Tepper, who runs Appaloosa Management LP in Chatham, N.J., and is the namesake for the Tepper School of Business at Carnegie Mellon University in Pittsburgh, acquired stakes in 18 energy companies including Chevron Corp., ConocoPhillips and Devon Energy Corp., according to an Aug. 14 filing with the Securities and Exchange Commission. He added more shares of the Energy Select Sector SPDR Fund.

The value of the holdings fell about 14 percent from the end of the quarter through this week as commodity prices plunged from a July 3 record.


Stanley Druckenmiller's Duquesne Capital Management LLC in Pittsburgh also loaded up on energy stocks in the quarter, according to SEC filings.

"A lot of funds have been caught long on crude," said Peter Fusaro, chairman of Global Change Associates Inc., a New York firm that tracks 700 hedge funds that make energy-related investments. "If they were increasing their exposure in the second quarter, they are taking losses now."

Tepper, 50, the former head of junk-bond trading at Goldman Sachs Group Inc., could not be reached for comment. Druckenmiller, 55, who is negotiating to purchase a controlling stake in the Steelers, doesn't discuss his holdings, a Duquesne official said.

Some energy stocks failed to keep pace with rising crude oil prices during the second quarter. That presented an opportunity for investors such as Tepper who look for companies trading at discounts.

Oil prices soared 38 percent during the quarter and peaked at a record $147.27 a barrel on July 11. Oil stocks rose more slowly during the quarter, as shown by the 20 percent increase in the Energy Select Sector SPDR Trust, the exchange-traded fund for the 39 oil and gas companies in the Standard & Poor's 500 Index.

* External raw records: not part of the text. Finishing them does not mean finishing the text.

lemma relabelled_walk_iff:
  "walk V' E' ys \<longleftrightarrow> (\<exists>xs. set xs \<subseteq> V \<and> walk V E xs \<and> ys = map g xs)"
proof
  assume w: "walk V' E' ys"
  then have "set ys \<subseteq> V'" by (simp add: walk_def)
  then have "map (g \<circ> inv_into V g) ys = ys" "set (map (inv_into V g) ys) \<subseteq> V"
    by (auto intro!: map_idI simp: f_inv_into_f inv_into_into)
  with w walk_map_iff show "\<exists>xs. set xs \<subseteq> V \<and> walk V E xs \<and> ys = map g xs"
    by (metis map_map)
qed (use walk_map_iff in blast)

lemma relabelled_walk_ends:
  assumes "set xs \<subseteq> V" "walk V E xs" "x \<in> V" "y \<in> V"
  shows "hd (map g xs) = g x \<and> last (map g xs) = g y \<longleftrightarrow> hd xs = x \<and> last xs = y"
proof -
  have "xs \<noteq> []" "hd xs \<in> V" "last xs \<in> V" using assms(1,2) by (auto simp: walk_def)
  then show ?thesis using inj_onD[OF inj] assms(3,4) by (auto simp: hd_map last_map)
qed

lemma relabelled_walk_between_iff:
  assumes "x \<in> V" "y \<in> V"
  shows "walk V' E' ys \<and> hd ys = g x \<and> last ys = g y \<longleftrightarrow>
    (\<exists>xs. walk V E xs \<and> hd xs = x \<and> last xs = y \<and> ys = map g xs)"
proof
  assume ys: "walk V' E' ys \<and> hd ys = g x \<and> last ys = g y"
  then obtain xs where "set xs \<subseteq> V" "walk V E xs" "ys = map g xs"
    unfolding relabelled_walk_iff by blast
  with ys relabelled_walk_ends[OF this(1,2) assms]
  show "\<exists>xs. walk V E xs \<and> hd xs = x \<and> last xs = y \<and> ys = map g xs" by blast
next
  assume "\<exists>xs. walk V E xs \<and> hd xs = x \<and> last xs = y \<and> ys = map g xs"
  then obtain xs where xs: "walk V E xs" "hd xs = x" "last xs = y" "ys = map g xs" by blast
  moreover have "set xs \<subseteq> V" using xs(1) by (simp add: walk_def)
  ultimately show "walk V' E' ys \<and> hd ys = g x \<and> last ys = g y"
    using walk_map_iff relabelled_walk_ends[OF _ xs(1) assms] by blast
qed

lemma gdist_relabelled:
  assumes "x \<in> V" "y \<in> V"
  shows "gdist V' E' (g x) (g y) = gdist V E x y"
proof -
  have "(\<exists>ys. (walk V' E' ys \<and> hd ys = g x \<and> last ys = g y) \<and> length ys = Suc n) \<longleftrightarrow>
        (\<exists>xs. walk V E xs \<and> hd xs = x \<and> last xs = y \<and> length xs = Suc n)" for n
    unfolding relabelled_walk_between_iff[OF assms] by auto
  then show ?thesis unfolding gdist_def by simp
qed

lemma interval_relabelled:
  assumes "x \<in> V" "y \<in> V"
  shows "interval V' E' (g x) (g y) = g ` interval V E x y"
proof -
  have "(\<exists>ys. (walk V' E' ys \<and> hd ys = g x \<and> last ys = g y) \<and>
      length ys = Suc (gdist V E x y) \<and> w \<in> set ys) \<longleftrightarrow>
    (\<exists>xs. walk V E xs \<and> hd xs = x \<and> last xs = y \<and> length xs = Suc (gdist V E x y) \<and> w \<in> g ` set xs)"
    for w
    unfolding relabelled_walk_between_iff[OF assms] by auto
  then show ?thesis unfolding interval_def gdist_relabelled[OF assms] by auto
qed

lemma graph_relabelled: "graph V' E'"
  using graph inj unfolding graph_def by (fastforce dest: inj_onD)

lemma connected_relabelled: "connected_graph V E \<Longrightarrow> connected_graph V' E'"
  unfolding connected_graph_def by (auto simp: relabelled_walk_between_iff)

lemma median_graph_relabelled:
  assumes "median_graph V E"
  shows "median_graph V' E'"
  unfolding median_graph_def
proof (intro conjI ballI graph_relabelled connected_relabelled)
  show "connected_graph V E" using assms by (simp add: median_graph_def)
next
  fix u v w assume "u \<in> V'" "v \<in> V'" "w \<in> V'"
  then obtain x y z where xyz: "x \<in> V" "y \<in> V" "z \<in> V" "u = g x" "v = g y" "w = g z" by blast
  let ?I = "interval V E x y \<inter> interval V E y z \<inter> interval V E z x"
  have "interval V' E' u v \<inter> interval V' E' v w \<inter> interval V' E' w u = g ` ?I"
    using interval_subset[of V E] by (simp add: xyz interval_relabelled inj_on_image_Int[OF inj] le_infI1)
  moreover have "inj_on g ?I" using interval_subset[of V E] by (intro inj_on_subset[OF inj]) auto
  ultimately show "card (interval V' E' u v \<inter> interval V' E' v w \<inter> interval V' E' w u) = 1"
    using assms xyz unfolding median_graph_def by (simp add: card_image)
qed

lemma convex_relabelled:
  assumes "convex V E S"
  shows "convex V' E' (g ` S)"
  unfolding convex_def
proof (intro conjI ballI)
  show "g ` S \<subseteq> V'" using assms by (auto simp: convex_def)
next
  fix u v assume "u \<in> g ` S" "v \<in> g ` S"
  then obtain x y where xy: "x \<in> S" "y \<in> S" "u = g x" "v = g y" by blast
  then have "x \<in> V" "y \<in> V" "interval V E x y \<subseteq> S" using assms by (auto simp: convex_def)
  then show "interval V' E' u v \<subseteq> g ` S" using xy by (auto simp: interval_relabelled)
qed

lemma inv_into_relabel [simp]: "x \<in> V \<Longrightarrow> inv_into V g (g x) = x"
  by (rule inv_into_f_f[OF inj])

lemma median_decomp_relabelled:
  assumes "median_decomp U F V E X"
  shows "median_decomp U F V' E' (X \<circ> inv_into V g)"
  unfolding median_decomp_def
proof (intro conjI ballI)
  show "median_graph V' E'" using assms median_graph_relabelled by (simp add: median_decomp_def)
  show "(X \<circ> inv_into V g) a \<subseteq> U" if "a \<in> V'" for a
    using assms that by (auto simp: median_decomp_def)
  show "\<exists>a\<in>V'. e \<subseteq> (X \<circ> inv_into V g) a" if "e \<in> F" for e
    using assms that by (fastforce simp: median_decomp_def)
next
  fix v assume "v \<in> U"
  moreover have "{a \<in> V'. v \<in> (X \<circ> inv_into V g) a} = g ` {a \<in> V. v \<in> X a}" by auto
  ultimately show "{a \<in> V'. v \<in> (X \<circ> inv_into V g) a} \<noteq> {}"
    and "convex V' E' {a \<in> V'. v \<in> (X \<circ> inv_into V g) a}"
    using assms convex_relabelled by (simp_all add: median_decomp_def)
qed

lemma width_relabelled: "width V' (X \<circ> inv_into V g) = width V X"
  unfolding width_def image_image by simp

lemma lattice_dim_le_relabelled:
  assumes "lattice_dim_le V E k"
  shows "lattice_dim_le V' E' k"
proof -
  obtain ns f where "length ns \<le> k" "\<forall>j<length ns. 1 \<le> ns ! j"
    "isometric_embedding V E (lattice_V ns) (lattice_E ns) f"
    using assms unfolding lattice_dim_le_def by blast
  moreover have "isometric_embedding V' E' (lattice_V ns) (lattice_E ns) (f \<circ> inv_into V g)"
    using calculation(3) by (auto simp: isometric_embedding_def gdist_relabelled)
  ultimately show ?thesis unfolding lattice_dim_le_def by blast
qed

end

section \<open>Path decompositions from lattice decompositions\<close>

lemma Max_Collect_le:
  fixes h :: "'u \<Rightarrow> nat"
  assumes "\<exists>u. P u" "\<And>u. P u \<Longrightarrow> h u \<le> w"
  shows "Max {h u | u. P u} \<le> w"
proof -
  have bounded: "{h u | u. P u} \<subseteq> {..w}" using assms(2) by auto
  then have "finite {h u | u. P u}" by (rule finite_subset) simp
  moreover have "{h u | u. P u} \<noteq> {}" using assms(1) by blast
  ultimately show ?thesis using bounded by (simp add: Max_le_iff subset_iff)
qed

lemma median_gate:
  assumes median: "median_graph V E" and S: "convex V E S" and a: "a \<in> V"
    and b: "b \<in> S" and closest: "\<forall>b'\<in>S. gdist V E a b \<le> gdist V E a b'" and c: "c \<in> S"
  shows "gdist V E a b + gdist V E b c = gdist V E a c"
proof -
  have conn: "connected_graph V E" using median by (simp add: median_graph_def)
  have bV: "b \<in> V" and cV: "c \<in> V" using S b c by (auto simp: convex_def)
  have "card (interval V E a b \<inter> interval V E b c \<inter> interval V E c a) = 1"
    using median a bV cV unfolding median_graph_def by blast
  then obtain m where m: "m \<in> interval V E a b" "m \<in> interval V E b c" "m \<in> interval V E c a"
    by (metis IntE card_1_singletonE insertI1)
  have "m \<in> S" using m(2) S b c unfolding convex_def by blast
  have mV: "m \<in> V" and "gdist V E a m + gdist V E m b = gdist V E a b"
    using m(1) mem_interval_iff[OF conn a bV] by auto
  moreover have "gdist V E a b \<le> gdist V E a m" using closest \<open>m \<in> S\<close> by blast
  ultimately have "m = b" using gdist_eq_0_iff[OF conn mV bV] by simp
  then have "gdist V E c b + gdist V E b a = gdist V E c a"
    using m(3) mem_interval_iff[OF conn cV a] by auto
  then show ?thesis using gdist_sym[OF conn] a bV cV by simp
qed

locale lattice_embedded_decomp =
  fixes V :: "'a set" and E :: "'a set set" and VM :: "'b set" and EM :: "'b set set"
    and X :: "'b \<Rightarrow> 'a set" and ns :: "nat list" and f :: "'b \<Rightarrow> nat list"
  assumes graph: "graph V E" and decomp: "median_decomp V E VM EM X"
    and embedding: "isometric_embedding VM EM (lattice_V ns) (lattice_E ns) f"
begin

lemma median: "median_graph VM EM"
  using decomp by (simp add: median_decomp_def)

lemma connected: "connected_graph VM EM"
  using median by (simp add: median_graph_def)

lemma finite_VM: "finite VM"
  using median by (simp add: median_graph_def graph_def)

lemma VM_nonempty: "VM \<noteq> {}"
  using connected by (simp add: connected_graph_def)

By purchasing oil and gas stocks, investors effectively bought the companies' proven reserves at a discount to market prices, said Kurt Wulff, an independent analyst who once worked with billionaire Carl Icahn on energy-company takeovers.

"There was one of these gaps between the value of stocks and the value of oil prices," Wulff said. "You know that gap has got to narrow, but you don't know if oil prices are coming down or stock prices are going up."

Druckenmiller, a former oil-industry analyst for Pittsburgh National Bank who later managed money for billionaire George Soros, reported in an SEC filing that Duquesne's energy-related holdings equaled 40 percent of stocks reported at June 30, up from 19 percent at March 31.

Oil and gas stocks accounted for 16 percent of the market valuation of the Standard & Poor's 500 Index at June 30, according to Bloomberg data.

Although some of the increases stemmed from appreciation of existing holdings, all of the managers also were buying oil and gas shares during the second quarter. Their common purchases included Anadarko Petroleum Corp., Canadian Natural Resources Ltd. and Chesapeake Energy Corp.

Many of these stocks have fallen since July 11 as crude prices plunged as much as 24 percent.

By Aug. 15, when crude prices touched a low of $111.34 a barrel, the market value of Appaloosa's oil and gas stocks had fallen to $1.9 billion.

Yet, these fund managers ultimately might be proven right. Oil prices began to recover this week -- crude oil futures rose as high as $122.04 a barrel Thursday. But it fell again Friday to close at $114.59, down $6.59 a barrel, or 5.43 percent. It was crude's largest single-day price drop percentage-wise since Dec. 27, 2004.